**TASK REQUIREMENTS**: Write each line out a second time, exactly as shown below.

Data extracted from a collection

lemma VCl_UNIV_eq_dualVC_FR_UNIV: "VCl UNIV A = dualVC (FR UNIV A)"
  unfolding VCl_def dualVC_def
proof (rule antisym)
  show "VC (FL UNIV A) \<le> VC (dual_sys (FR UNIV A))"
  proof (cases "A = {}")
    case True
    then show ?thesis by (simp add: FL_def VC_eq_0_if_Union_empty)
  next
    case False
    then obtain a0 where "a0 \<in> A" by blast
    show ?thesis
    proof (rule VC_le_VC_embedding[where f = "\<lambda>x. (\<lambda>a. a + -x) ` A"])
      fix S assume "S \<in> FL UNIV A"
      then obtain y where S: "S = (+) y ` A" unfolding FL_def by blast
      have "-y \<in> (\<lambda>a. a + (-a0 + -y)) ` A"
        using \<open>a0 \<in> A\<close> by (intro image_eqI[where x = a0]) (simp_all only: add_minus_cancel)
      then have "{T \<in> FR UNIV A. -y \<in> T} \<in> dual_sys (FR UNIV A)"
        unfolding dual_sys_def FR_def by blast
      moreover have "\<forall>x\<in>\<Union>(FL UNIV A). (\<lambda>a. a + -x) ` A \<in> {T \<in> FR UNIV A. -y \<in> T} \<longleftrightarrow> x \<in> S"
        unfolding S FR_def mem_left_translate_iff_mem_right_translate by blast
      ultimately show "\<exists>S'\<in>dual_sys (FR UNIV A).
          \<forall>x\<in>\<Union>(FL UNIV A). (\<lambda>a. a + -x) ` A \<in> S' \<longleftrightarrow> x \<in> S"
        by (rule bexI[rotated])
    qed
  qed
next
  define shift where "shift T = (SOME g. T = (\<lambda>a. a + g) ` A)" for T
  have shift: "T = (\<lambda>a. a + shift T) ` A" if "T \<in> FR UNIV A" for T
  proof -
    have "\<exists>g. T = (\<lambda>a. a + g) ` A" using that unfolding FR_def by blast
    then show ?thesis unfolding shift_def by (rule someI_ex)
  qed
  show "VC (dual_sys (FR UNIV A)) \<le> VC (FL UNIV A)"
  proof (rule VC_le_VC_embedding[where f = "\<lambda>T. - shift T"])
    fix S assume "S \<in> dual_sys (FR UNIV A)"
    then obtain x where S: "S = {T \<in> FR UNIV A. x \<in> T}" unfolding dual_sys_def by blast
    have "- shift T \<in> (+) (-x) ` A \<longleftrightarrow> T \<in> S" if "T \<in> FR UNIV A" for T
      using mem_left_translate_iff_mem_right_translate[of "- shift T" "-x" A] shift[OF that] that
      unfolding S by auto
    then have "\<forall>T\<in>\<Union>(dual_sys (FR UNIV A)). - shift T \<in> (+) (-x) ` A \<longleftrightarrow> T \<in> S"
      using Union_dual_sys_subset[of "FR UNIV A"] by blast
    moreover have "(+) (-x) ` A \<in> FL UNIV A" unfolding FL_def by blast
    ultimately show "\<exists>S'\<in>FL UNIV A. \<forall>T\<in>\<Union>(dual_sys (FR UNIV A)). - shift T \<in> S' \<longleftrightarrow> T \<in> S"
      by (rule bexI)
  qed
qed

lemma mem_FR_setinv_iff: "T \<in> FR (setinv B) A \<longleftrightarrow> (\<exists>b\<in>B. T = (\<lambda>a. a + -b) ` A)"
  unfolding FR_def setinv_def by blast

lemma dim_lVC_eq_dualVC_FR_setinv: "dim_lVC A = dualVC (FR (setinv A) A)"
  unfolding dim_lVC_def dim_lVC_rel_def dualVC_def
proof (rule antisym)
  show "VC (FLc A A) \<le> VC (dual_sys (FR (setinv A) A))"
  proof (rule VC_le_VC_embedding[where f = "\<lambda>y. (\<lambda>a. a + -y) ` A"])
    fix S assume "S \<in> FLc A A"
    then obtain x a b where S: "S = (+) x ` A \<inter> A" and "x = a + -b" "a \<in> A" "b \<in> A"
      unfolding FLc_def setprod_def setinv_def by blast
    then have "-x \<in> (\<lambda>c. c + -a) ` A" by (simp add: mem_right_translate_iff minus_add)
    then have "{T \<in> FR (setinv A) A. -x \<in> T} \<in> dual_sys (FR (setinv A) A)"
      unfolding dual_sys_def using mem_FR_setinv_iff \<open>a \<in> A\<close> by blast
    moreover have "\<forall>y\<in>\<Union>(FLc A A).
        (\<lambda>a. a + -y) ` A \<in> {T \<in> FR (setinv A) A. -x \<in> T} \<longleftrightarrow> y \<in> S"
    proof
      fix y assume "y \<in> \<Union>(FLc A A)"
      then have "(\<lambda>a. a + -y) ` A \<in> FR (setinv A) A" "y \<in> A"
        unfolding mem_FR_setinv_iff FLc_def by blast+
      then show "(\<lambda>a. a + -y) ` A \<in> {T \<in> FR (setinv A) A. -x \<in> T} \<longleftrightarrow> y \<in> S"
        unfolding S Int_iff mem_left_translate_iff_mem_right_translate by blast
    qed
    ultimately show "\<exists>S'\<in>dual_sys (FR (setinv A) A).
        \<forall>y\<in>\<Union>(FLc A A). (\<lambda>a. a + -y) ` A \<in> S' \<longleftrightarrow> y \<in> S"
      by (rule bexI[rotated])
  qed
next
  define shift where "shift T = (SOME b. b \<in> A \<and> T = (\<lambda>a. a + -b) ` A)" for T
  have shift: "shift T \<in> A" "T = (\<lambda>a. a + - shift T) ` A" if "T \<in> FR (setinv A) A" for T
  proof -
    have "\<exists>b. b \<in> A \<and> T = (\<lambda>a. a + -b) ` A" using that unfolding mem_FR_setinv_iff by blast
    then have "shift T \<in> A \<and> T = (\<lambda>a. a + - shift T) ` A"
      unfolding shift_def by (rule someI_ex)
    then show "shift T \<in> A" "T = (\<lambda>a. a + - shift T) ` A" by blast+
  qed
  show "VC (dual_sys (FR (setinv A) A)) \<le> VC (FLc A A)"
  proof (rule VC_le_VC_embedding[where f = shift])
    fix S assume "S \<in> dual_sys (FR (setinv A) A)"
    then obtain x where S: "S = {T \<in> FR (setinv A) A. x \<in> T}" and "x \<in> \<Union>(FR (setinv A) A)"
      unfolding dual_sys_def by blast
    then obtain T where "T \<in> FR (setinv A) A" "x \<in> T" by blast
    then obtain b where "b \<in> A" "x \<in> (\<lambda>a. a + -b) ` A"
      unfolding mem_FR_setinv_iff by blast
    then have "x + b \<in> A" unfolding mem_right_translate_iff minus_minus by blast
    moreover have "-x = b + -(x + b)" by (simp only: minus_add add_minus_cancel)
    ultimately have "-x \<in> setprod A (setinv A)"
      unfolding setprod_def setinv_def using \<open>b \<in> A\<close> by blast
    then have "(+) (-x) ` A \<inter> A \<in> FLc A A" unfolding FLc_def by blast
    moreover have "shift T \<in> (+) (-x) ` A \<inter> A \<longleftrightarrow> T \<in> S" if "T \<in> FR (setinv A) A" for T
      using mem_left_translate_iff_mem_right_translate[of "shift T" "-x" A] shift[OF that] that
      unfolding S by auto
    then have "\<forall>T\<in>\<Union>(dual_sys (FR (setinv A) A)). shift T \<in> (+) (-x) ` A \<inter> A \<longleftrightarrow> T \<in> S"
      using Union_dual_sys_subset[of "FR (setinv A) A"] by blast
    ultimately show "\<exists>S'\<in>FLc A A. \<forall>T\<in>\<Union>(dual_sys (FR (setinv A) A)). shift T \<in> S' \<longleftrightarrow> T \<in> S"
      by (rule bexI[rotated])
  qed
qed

**OUTPUT OF THE EXERCISE**:
lemma VCl_UNIV_eq_dualVC_FR_UNIV: "VCl UNIV A = dualVC (FR UNIV A)"
  unfolding VCl_def dualVC_def
proof (rule antisym)
  show "VC (FL UNIV A) \<le> VC (dual_sys (FR UNIV A))"
  proof (cases "A = {}")
    case True
    then show ?thesis by (simp add: FL_def VC_eq_0_if_Union_empty)
  next
    case False
    then obtain a0 where "a0 \<in> A" by blast
    show ?thesis
    proof (rule VC_le_VC_embedding[where f = "\<lambda>x. (\<lambda>a. a + -x) ` A"])
      fix S assume "S \<in> FL UNIV A"
      then obtain y where S: "S = (+) y ` A" unfolding FL_def by blast
      have "-y \<in> (\<lambda>a. a + (-a0 + -y)) ` A"
        using \<open>a0 \<in> A\<close> by (intro image_eqI[where x = a0]) (simp_all only: add_minus_cancel)
      then have "{T \<in> FR UNIV A. -y \<in> T} \<in> dual_sys (FR UNIV A)"
        unfolding dual_sys_def FR_def by blast
      moreover have "\<forall>x\<in>\<Union>(FL UNIV A). (\<lambda>a. a + -x) ` A \<in> {T \<in> FR UNIV A. -y \<in> T} \<longleftrightarrow> x \<in> S"
        unfolding S FR_def mem_left_translate_iff_mem_right_translate by blast
      ultimately show "\<exists>S'\<in>dual_sys (FR UNIV A).
          \<forall>x\<in>\<Union>(FL UNIV A). (\<lambda>a. a + -x) ` A \<in> S' \<longleftrightarrow> x \<in> S"
        by (rule bexI[rotated])
    qed
  qed
next
  define shift where "shift T = (SOME g. T = (\<lambda>a. a + g) ` A)" for T
  have shift: "T = (\<lambda>a. a + shift T) ` A" if "T \<in> FR UNIV A" for T
  proof -
    have "\<exists>g. T = (\<lambda>a. a + g) ` A" using that unfolding FR_def by blast
    then show ?thesis unfolding shift_def by (rule someI_ex)
  qed
  show "VC (dual_sys (FR UNIV A)) \<le> VC (FL UNIV A)"
  proof (rule VC_le_VC_embedding[where f = "\<lambda>T. - shift T"])
    fix S assume "S \<in> dual_sys (FR UNIV A)"
    then obtain x where S: "S = {T \<in> FR UNIV A. x \<in> T}" unfolding dual_sys_def by blast
    have "- shift T \<in> (+) (-x) ` A \<longleftrightarrow> T \<in> S" if "T \<in> FR UNIV A" for T
      using mem_left_translate_iff_mem_right_translate[of "- shift T" "-x" A] shift[OF that] that
      unfolding S by auto
    then have "\<forall>T\<in>\<Union>(dual_sys (FR UNIV A)). - shift T \<in> (+) (-x) ` A \<longleftrightarrow> T \<in> S"
      using Union_dual_sys_subset[of "FR UNIV A"] by blast
    moreover have "(+) (-x) ` A \<in> FL UNIV A" unfolding FL_def by blast
    ultimately show "\<exists>S'\<in>FL UNIV A. \<forall>T\<in>\<Union>(dual_sys (FR UNIV A)). - shift T \<in> S' \<longleftrightarrow> T \<in> S"
      by (rule bexI)
  qed
qed

lemma mem_FR_setinv_iff: "T \<in> FR (setinv B) A \<longleftrightarrow> (\<exists>b\<in>B. T = (\<lambda>a. a + -b) ` A)"
  unfolding FR_def setinv_def by blast

lemma dim_lVC_eq_dualVC_FR_setinv: "dim_lVC A = dualVC (FR (setinv A) A)"
  unfolding dim_lVC_def dim_lVC_rel_def dualVC_def
proof (rule antisym)
  show "VC (FLc A A) \<le> VC (dual_sys (FR (setinv A) A))"
  proof (rule VC_le_VC_embedding[where f = "\<lambda>y. (\<lambda>a. a + -y) ` A"])
    fix S assume "S \<in> FLc A A"
    then obtain x a b where S: "S = (+) x ` A \<inter> A" and "x = a + -b" "a \<in> A" "b \<in> A"
      unfolding FLc_def setprod_def setinv_def by blast
    then have "-x \<in> (\<lambda>c. c + -a) ` A" by (simp add: mem_right_translate_iff minus_add)
    then have "{T \<in> FR (setinv A) A. -x \<in> T} \<in> dual_sys (FR (setinv A) A)"
      unfolding dual_sys_def using mem_FR_setinv_iff \<open>a \<in> A\<close> by blast
    moreover have "\<forall>y\<in>\<Union>(FLc A A).
        (\<lambda>a. a + -y) ` A \<in> {T \<in> FR (setinv A) A. -x \<in> T} \<longleftrightarrow> y \<in> S"
    proof
      fix y assume "y \<in> \<Union>(FLc A A)"
      then have "(\<lambda>a. a + -y) ` A \<in> FR (setinv A) A" "y \<in> A"
        unfolding mem_FR_setinv_iff FLc_def by blast+
      then show "(\<lambda>a. a + -y) ` A \<in> {T \<in> FR (setinv A) A. -x \<in> T} \<longleftrightarrow> y \<in> S"
        unfolding S Int_iff mem_left_translate_iff_mem_right_translate by blast
    qed
    ultimately show "\<exists>S'\<in>dual_sys (FR (setinv A) A).
        \<forall>y\<in>\<Union>(FLc A A). (\<lambda>a. a + -y) ` A \<in> S' \<longleftrightarrow> y \<in> S"
      by (rule bexI[rotated])
  qed
next
  define shift where "shift T = (SOME b. b \<in> A \<and> T = (\<lambda>a. a + -b) ` A)" for T
  have shift: "shift T \<in> A" "T = (\<lambda>a. a + - shift T) ` A" if "T \<in> FR (setinv A) A" for T
  proof -
    have "\<exists>b. b \<in> A \<and> T = (\<lambda>a. a + -b) ` A" using that unfolding mem_FR_setinv_iff by blast
    then have "shift T \<in> A \<and> T = (\<lambda>a. a + - shift T) ` A"
      unfolding shift_def by (rule someI_ex)
    then show "shift T \<in> A" "T = (\<lambda>a. a + - shift T) ` A" by blast+
  qed
  show "VC (dual_sys (FR (setinv A) A)) \<le> VC (FLc A A)"
  proof (rule VC_le_VC_embedding[where f = shift])
    fix S assume "S \<in> dual_sys (FR (setinv A) A)"
    then obtain x where S: "S = {T \<in> FR (setinv A) A. x \<in> T}" and "x \<in> \<Union>(FR (setinv A) A)"
      unfolding dual_sys_def by blast
    then obtain T where "T \<in> FR (setinv A) A" "x \<in> T" by blast
    then obtain b where "b \<in> A" "x \<in> (\<lambda>a. a + -b) ` A"
      unfolding mem_FR_setinv_iff by blast
    then have "x + b \<in> A" unfolding mem_right_translate_iff minus_minus by blast
    moreover have "-x = b + -(x + b)" by (simp only: minus_add add_minus_cancel)
    ultimately have "-x \<in> setprod A (setinv A)"
      unfolding setprod_def setinv_def using \<open>b \<in> A\<close> by blast
    then have "(+) (-x) ` A \<inter> A \<in> FLc A A" unfolding FLc_def by blast
    moreover have "shift T \<in> (+) (-x) ` A \<inter> A \<longleftrightarrow> T \<in> S" if "T \<in> FR (setinv A) A" for T
      using mem_left_translate_iff_mem_right_translate[of "shift T" "-x" A] shift[OF that] that
      unfolding S by auto
    then have "\<forall>T\<in>\<Union>(dual_sys (FR (setinv A) A)). shift T \<in> (+) (-x) ` A \<inter> A \<longleftrightarrow> T \<in> S"
      using Union_dual_sys_subset[of "FR (setinv A) A"] by blast
    ultimately show "\<exists>S'\<in>FLc A A. \<forall>T\<in>\<Union>(dual_sys (FR (setinv A) A)). shift T \<in> S' \<longleftrightarrow> T \<in> S"
      by (rule bexI[rotated])
  qed
qed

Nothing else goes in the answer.